Als Erfolg verweist der Europol-Bericht auf die Festnahme von 23 Mitgliedern eines irakischen Migranten-Schmuggelnetzwerkes durch französische und niederländische Strafverfolgungsbehörden im Januar 2020. Es hatte rund 10.000 illegale afghanische, iranische, irakische und syrische Migranten aus den Regionen Le Mans und Poitiers via Lkw nach Großbritannien geschleust. Die Migranten zahlten bis zu 7.000 Euro für die Reise. Die Zahlungen wurden über ein verdecktes, von den Niederlanden aus betriebenes islamisches Hawala-Bankensystem abgewickelt. Die Gewinne dieses Schleusernetzwerks beliefen sich laut Europol auf rund 70 Millionen Euro.

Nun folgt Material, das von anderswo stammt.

(* For all integers $t\ge2$, $x\ge0$, $l\ge1$, $k\ge0$, $$f(t,x,l,k)=\sum_{k'=1}^{k}\binom{k}{k'}\,\tilde f(t,x,l,k')\,g(t-2,x+l,k-k',x).$$
   Context: Fix a positive integer $\omega$; all graphs counted are labeled, connected, chordal and $\omega$-colorable (proper coloring with at most $\omega$ colors). $[n]=\{1,\dots,n\}$, $[0]=\emptyset$, $[a,b]=\{a,\dots,b\}$. A vertex is simplicial if its neighborhood is a clique. For a chordal graph $G$ and a clique $X\subseteq V(G)$, the evaporation sequence of $G$ with exception set $X$ is: empty if $X=V(G)$; otherwise $L_1$ (the set of simplicial vertices of $G$ not in $X$, always nonempty) followed by the evaporation sequence of $G-L_1$ with exception set $X$. If it is $L_1,\dots,L_t$, $G$ evaporates at time $t$ and $L_G(X):=L_t$; a nonempty $S\subseteq V(G)\setminus X$ evaporates at time $\max\{i:L_i\cap S\ne\emptyset\}$. For a clique $Y=[y]$ ($y\ge1$) and $0\le z<y$: $g(s,y,k,z)$ is the number of connected $\omega$-colorable chordal graphs $G$ with vertex set $[y+k]$ in which $Y$ is a clique, $G$ evaporates at time at most $s$ with exception set $Y$, and every connected component of $G\setminus Y$ has a neighbor in $Y\setminus[z]$. With $X=[x]$: $f(t,x,l,k)$ is the number of connected $\omega$-colorable chordal graphs $G$ with vertex set $[x+l+k]$ in which $X$ is a clique, $G$ evaporates at time exactly $t$ with exception set $X$, $G\setminus X$ is connected, $L_G(X)=[x+1,x+l]$, and $X\cup L_G(X)$ is a clique. $\tilde f(t,x,l,k)$ is the number of graphs counted by $f(t,x,l,k)$ that additionally satisfy: $X\cup L_G(X)\subsetneq V(G)$ and every connected component of $G\setminus(X\cup L_G(X))$ evaporates at time exactly $t-1$ in $G$ with exception set $X$. *)

theory Defs
  imports Main
begin
(* Let $\Lambda$ be a row-finite $k$-graph with no sources, and let $\{t_\lambda\}_{\lambda\in\Lambda}$ be a purely atomic representation of $C^*(\Lambda)$ on a Hilbert space $\mathcal H$, with associated projection valued measure $P$ on the Borel subsets of $\Lambda^\infty$. Then: (a) For every $\lambda\in\Lambda$ and every $\omega\in\Lambda^\infty$ with $r(\omega)=s(\lambda)$ we have $t_\lambda P(\{\omega\})t_\lambda^*=P(\{\lambda\omega\})$; and for every $\omega\in\Lambda^\infty$ and $n\in\mathbb N^k$ we have $t_{\omega(0,n)}^*P(\{\omega\})t_{\omega(0,n)}=P(\{\sigma^n(\omega)\})$. (b) For $n\in\mathbb N^k$, $\eta\in\Lambda^n$ and $\omega\in\Lambda^\infty$ with $\eta\neq\omega(0,n)$, we have $t_\eta^*P(\{\omega\})t_\eta=0$.
   Context: A $k$-graph ($k\ge 1$) is a countable small category $\Lambda$ with a functor $d:\Lambda\to\mathbb N^k$ (the degree) satisfying the factorization property: whenever $d(\lambda)=m+n$ there are unique $\mu,\nu\in\Lambda$ with $\lambda=\mu\nu$, $d(\mu)=m$, $d(\nu)=n$. Morphisms are called paths, objects (identified with identity morphisms) form the vertex set $\Lambda^0$; $r,s$ denote range and source; $\Lambda^n=\{\lambda:d(\lambda)=n\}$ and $v\Lambda^n=\{\lambda\in\Lambda^n:r(\lambda)=v\}$. $\Lambda$ is row-finite if each $v\Lambda^n$ is finite, and has no sources if each $v\Lambda^n$ is nonempty. Let $\Omega_k$ be the $k$-graph with objects $\mathbb N^k$, morphisms $\{(p,q)\in\mathbb N^k\times\mathbb N^k:p\le q\}$, $r(p,q)=p$, $s(p,q)=q$, $d(p,q)=q-p$. An infinite path is a degree-preserving functor $x:\Omega_k\to\Lambda$; $\Lambda^\infty$ is the set of infinite paths, $r(x)=x(0,0)$, and $x(0,n)\in\Lambda^n$. The shift is $\sigma^m(x)(p,q)=x(p+m,q+m)$. For $\lambda\in\Lambda$ and $x\in\Lambda^\infty$ with $r(x)=s(\lambda)$, $\lambda x$ denotes the unique $y\in\Lambda^\infty$ with $y(0,d(\lambda))=\lambda$ and $\sigma^{d(\lambda)}(y)=x$. Cylinder sets are $Z(\lambda)=\{x\in\Lambda^\infty:x(0,d(\lambda))=\lambda\}$; they generate the Borel $\sigma$-algebra of $\Lambda^\infty$. A representation of $C^*(\Lambda)$ is a family $\{t_\lambda\}_{\lambda\in\Lambda}$ of partial isometries on a Hilbert space with: (CK1) $\{t_v\}_{v\in\Lambda^0}$ mutually orthogonal projections; (CK2) $t_\lambda t_\eta=t_{\lambda\eta}$ when $s(\lambda)=r(\eta)$; (CK3) $t_\lambda^*t_\lambda=t_{s(\lambda)}$; (CK4) $t_v=\sum_{\lambda\in v\Lambda^n}t_\lambda t_\lambda^*$ for all $v,n$. The associated projection valued measure $P$ is the projection valued measure on the Borel sets of $\Lambda^\infty$ with $P(Z(\lambda))=t_\lambda t_\lambda^*$ for all $\lambda$. The representation is purely atomic if there is a Borel set $\Omega\subseteq\Lambda^\infty$ with $P(\Lambda^\infty\setminus\Omega)=0$, $P(\{\omega\})\ne0$ for all $\omega\in\Omega$, and $\sum_{\omega\in\Omega}P(\{\omega\})=\mathrm{Id}$ (strong operator topology). *)

theory Defs
  imports "HOL-Analysis.Analysis" "HOL-Library.Function_Algebras"
begin
lemma eventually_minimax_loss_le_opt_pred:
  fixes X :: "'a::euclidean_space set" and l :: "'a \<Rightarrow> 'd::finite \<Rightarrow> real"
    and c :: "'a \<Rightarrow> real^'d \<Rightarrow> nat \<Rightarrow> real" and xh :: "nat \<Rightarrow> real^'d \<Rightarrow> 'a"
  assumes "compact X" "\<forall>i. continuous_on X (\<lambda>x. l x i)"
    and a_pos: "\<forall>T\<ge>1. a T > 0"
    and a_superlinear: "filterlim (\<lambda>T. a T / real T) at_top sequentially"
    and pp: "pp_pair X c xh" and G: "oos_guarantee l a c xh"
    and p: "p \<in> prob_simplex_int" and \<epsilon>: "0 < \<epsilon>"
  shows "eventually (\<lambda>T. minimax_loss l X - \<epsilon> \<le> opt_pred c xh p T) sequentially"
proof -
  obtain M where "0 \<le> M" and M: "\<forall>x\<in>X. \<forall>i. \<bar>l x i\<bar> \<le> M"
    using bounded_loss_on_compact[OF assms(1,2)] by blast
  obtain B where "0 \<le> B" and B: "\<And>T p q. p \<in> prob_simplex \<Longrightarrow> q \<in> prob_simplex \<Longrightarrow>
       opt_pred c xh p T \<le> opt_pred c xh q T + B * norm (p - q)"
    using opt_pred_lipschitz[OF pp] by blast
  have xh: "\<And>T r. r \<in> prob_simplex \<Longrightarrow> xh T r \<in> X"
    using pp unfolding pp_pair_def by blast
  have pS: "p \<in> prob_simplex" using p prob_simplex_int_subset by blast
  have "\<forall>j. \<exists>q\<in>prob_simplex_int. \<forall>x\<in>X. l x j - \<epsilon>/2 \<le> cost l x q"
    using exists_interior_near_vertex[OF M \<open>0 \<le> M\<close>] \<epsilon> by simp
  then obtain q where q_int: "\<And>j. q j \<in> prob_simplex_int"
    and q_cost: "\<And>j x. x \<in> X \<Longrightarrow> l x j - \<epsilon>/2 \<le> cost l x (q j)"
    by metis
  have "eventually (\<lambda>T. \<forall>w\<in>PiE {..<T} (\<lambda>_. UNIV).
      \<not> cost l (xh T (emp T w)) (q j) > opt_pred c xh (emp T w) T) sequentially" for j
    using G q_int[of j] unfolding oos_guarantee_def
    by (intro iid_prob_eventually_impossible[OF q_int a_pos a_superlinear]) blast
  then have no_disappointment: "eventually (\<lambda>T. \<forall>j. \<forall>w\<in>PiE {..<T} (\<lambda>_. UNIV).
      cost l (xh T (emp T w)) (q j) \<le> opt_pred c xh (emp T w) T) sequentially"
    by (simp add: not_less eventually_all_finite)
  show ?thesis
    using no_disappointment eventually_ge_at_top[of "max 1 (nat \<lceil>2 * B * CARD('d) / \<epsilon>\<rceil>)"]
  proof eventually_elim
    case (elim T)
    then have T: "1 \<le> T" by simp
    have "2 * B * CARD('d) / \<epsilon> \<le> real (nat \<lceil>2 * B * CARD('d) / \<epsilon>\<rceil>)"
      by (rule real_nat_ceiling_ge)
    also have "\<dots> \<le> real T" using elim(2) by simp
    finally have B_small: "B * (CARD('d) / real T) \<le> \<epsilon> / 2"
      using \<epsilon> T by (simp add: field_simps)
    obtain w where w: "w \<in> PiE {..<T} (\<lambda>_. UNIV)" and r: "emp T w \<in> prob_simplex"
      and r_near: "norm (emp T w - p) \<le> CARD('d) / real T"
      using exists_empirical_near[OF pS T] by blast
    define x where "x = xh T (emp T w)"
    have x: "x \<in> X" unfolding x_def using r by (rule xh)
    have "l x j \<le> opt_pred c xh (emp T w) T + \<epsilon>/2" for j
    proof -
      have "cost l x (q j) \<le> opt_pred c xh (emp T w) T"
        unfolding x_def by (rule elim(1)[rule_format, OF w])
      then show ?thesis using q_cost[OF x, of j] by linarith
    qed
    then have "Max (range (l x)) \<le> opt_pred c xh (emp T w) T + \<epsilon>/2"
      by (intro Max.boundedI) auto
    moreover have "minimax_loss l X \<le> Max (range (l x))"
    proof -
      have "- M \<le> Max (range (l y))" if "y \<in> X" for y
      proof -
        have "- M \<le> l y i" for i using M that by (metis abs_le_iff minus_le_iff)
        moreover have "l y i \<le> Max (range (l y))" for i by (rule Max_ge) auto
        ultimately show ?thesis using order_trans by blast
      qed
      then have "bdd_below ((\<lambda>y. Max (range (l y))) ` X)" by (rule bdd_belowI2)
      then show ?thesis unfolding minimax_loss_def using x by (rule cINF_lower)
    qed
    moreover have "opt_pred c xh (emp T w) T \<le> opt_pred c xh p T + \<epsilon>/2"
      using B[OF r pS, of T] r_near B_small \<open>0 \<le> B\<close> mult_left_mono[OF r_near \<open>0 \<le> B\<close>] by linarith
    ultimately show ?case by linarith
  qed
qed

theorem mainTheorem13:
  fixes X :: "'a::euclidean_space set"
    and l :: "'a \<Rightarrow> 'd::finite \<Rightarrow> real"
    and a :: "nat \<Rightarrow> real"
    and xR :: "nat \<Rightarrow> real^'d \<Rightarrow> 'a"
  assumes "CARD('d) \<ge> 2"
    and "compact X" and "X \<noteq> {}"
    and "\<forall>i. continuous_on X (\<lambda>x. l x i)"
    and "\<forall>T\<ge>1. a T > 0"
    and "filterlim a at_top sequentially"
    and "filterlim (\<lambda>T. a T / real T) at_top sequentially"
    and "\<forall>T. \<forall>p\<in>prob_simplex. xR T p \<in> X \<and> (\<forall>x\<in>X. Max (range (l (xR T p))) \<le> Max (range (l x)))"
  shows "pp_pair X (robust_pred l) xR \<and> oos_guarantee l a (robust_pred l) xR \<and>
         (\<forall>(c :: 'a \<Rightarrow> real^'d \<Rightarrow> nat \<Rightarrow> real) (xh :: nat \<Rightarrow> real^'d \<Rightarrow> 'a).
            pp_pair X c xh \<and> oos_guarantee l a c xh \<longrightarrow> pp_preceq l X (robust_pred l) xR c xh)"
proof -
  obtain M where M: "\<forall>x\<in>X. \<forall>i. \<bar>l x i\<bar> \<le> M"
    using bounded_loss_on_compact[OF assms(2,4)] by blast
  have "pp_preceq l X (robust_pred l) xR c xh"
    if "pp_pair X c xh" "oos_guarantee l a c xh" for c xh
    unfolding pp_preceq_def
  proof
    fix p :: "real^'d" assume p: "p \<in> prob_simplex_int"
    then have pS: "p \<in> prob_simplex" using prob_simplex_int_subset by blast
    have gap: "opt_cost l X p \<le> minimax_loss l X"
      by (rule opt_cost_le_minimax_loss[OF assms(3) M pS])
    show "limsup (\<lambda>T. rel_ratio \<bar>opt_pred (robust_pred l) xR p T - opt_cost l X p\<bar>
                              \<bar>opt_pred c xh p T - opt_cost l X p\<bar>) \<le> 1"
      unfolding opt_pred_robust_pred[OF assms(8) pS] abs_of_nonneg[OF diff_ge_0_iff_ge[THEN iffD2, OF gap]]
    proof (rule limsup_rel_ratio_le_one)
      fix \<epsilon> :: real assume "0 < \<epsilon>"
      from eventually_minimax_loss_le_opt_pred[OF assms(2,4,5,7) that p this]
      show "eventually (\<lambda>T. minimax_loss l X - opt_cost l X p - \<epsilon> \<le> opt_pred c xh p T - opt_cost l X p)
          sequentially"
        by (rule eventually_mono) simp
    qed (use gap in simp)
  qed
  then show ?thesis
    using pp_pair_robust_pred[OF assms(2,4,8)] oos_guarantee_robust_pred by blast
qed

end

Auf die Frage, ob die Strafverfolgungsbehörden den Kampf gegen die Kriminellen verlieren, betonte De Bolle gegenüber AFP: „Wir sind an der Belastungsgrenze angelangt.“ 

Wenige Tage nach der Europol-Präsentation erklärte die EU-Kommission, daß sie den Kampf gegen die organisierte Kriminalität forcieren werde. „Unsere Strategie umfaßt ein fünfjähriges Programm zur Stärkung der europäischen Strafverfolgung in der physischen und der digitalen Welt. Mit Hilfe der Maßnahmen können wir von anlaßbezogener zu dauerhafter polizeilicher Zusammenarbeit übergehen und Geldströme nachvollziehen, um Straftäter durch Finanzermittlungen zu stellen“, betonte Kommissarin Johansson. Ziel sei eine „bessere Zusammenarbeit in der Strafverfolgung und Justiz“. Bis 2023 soll vor allem das „Zusammenspiel der Informationssysteme für Sicherheit, Grenzmanagement und Migrationssteuerung“ verbessert werden. Schließlich schlägt die Kommission vor, ein Kooperationsabkommen mit Interpol auszuhandeln.